__EXERCISE INSTRUCTIONS__. Reading the listing that follows, count the lines where "product" appears, and answer with only that count.

__EXCERPTED DATA__.
lemma poly_fields_subset_lie_gen:
  assumes "\<And>i j. monomial_field i j \<in> lie_gen F"
  shows "{ham f | f. poly2 f} \<subseteq> lie_gen F"
proof -
  have "ham (mpoly_eval L) \<in> lie_gen F" for L
  proof (induction L)
    case Nil
    show ?case
      unfolding ham_mpoly_Nil by (rule lie_gen.zero)
  next
    case (Cons t L)
    obtain a i j where t: "t = (a, i, j)"
      by (cases t)
    have "t # L = mpoly_smult a [(1, i, j)] @ L"
      by (simp add: t mpoly_smult_def)
    then have "ham (mpoly_eval (t # L)) =
        (\<lambda>x. a *\<^sub>R monomial_field i j x + ham (mpoly_eval L) x)"
      by (simp only: ham_mpoly_append ham_mpoly_smult monomial_field_mpoly)
    with Cons show ?case
      by (simp add: lie_gen.add lie_gen.scale assms)
  qed
  then show ?thesis
    by (auto simp: poly2_iff_mpoly)
qed

lemma lie_bracket_monomial_field:
  "lie_bracket (monomial_field a b) (monomial_field c d) =
     (\<lambda>x. (real (a * d) - real (b * c)) *\<^sub>R monomial_field (a + c - 1) (b + d - 1) x)"
proof -
  \<comment> \<open>The truncated \<open>n - 1\<close> is harmless: the factor \<open>real n\<close> vanishes for \<open>n = 0\<close>.\<close>
  have product: "real n * x ^ (n - 1) * y ^ m * (real k * x ^ j * y ^ (k - 1)) =
      real (n * k) * (x ^ (n + j - 1) * y ^ (m + k - 1))" for n m j k and x y :: real
    by (cases n; cases k) (simp_all add: power_add algebra_simps)
  have "mpoly_eval (mpoly_poisson [(1, a, b)] [(1, c, d)]) =
      mpoly_eval (mpoly_smult (real (a * d) - real (b * c)) [(1, a + c - 1, b + d - 1)])"
  proof
    fix p
    have "mpoly_eval (mpoly_poisson [(1, a, b)] [(1, c, d)]) p =
        real a * fst p ^ (a - 1) * snd p ^ b * (real d * fst p ^ c * snd p ^ (d - 1)) -
        real c * fst p ^ (c - 1) * snd p ^ d * (real b * fst p ^ a * snd p ^ (b - 1))"
      by (simp add: mpoly_dx_def mpoly_dy_def)
    also have "\<dots> = (real (a * d) - real (b * c)) * (fst p ^ (a + c - 1) * snd p ^ (b + d - 1))"
      unfolding product by (simp add: add.commute mult.commute left_diff_distrib)
    finally show "mpoly_eval (mpoly_poisson [(1, a, b)] [(1, c, d)]) p =
        mpoly_eval (mpoly_smult (real (a * d) - real (b * c)) [(1, a + c - 1, b + d - 1)]) p"
      by simp
  qed
  then show ?thesis
    unfolding monomial_field_mpoly lie_bracket_ham_mpoly by (simp only: ham_mpoly_smult)
qed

__RESULT__. 2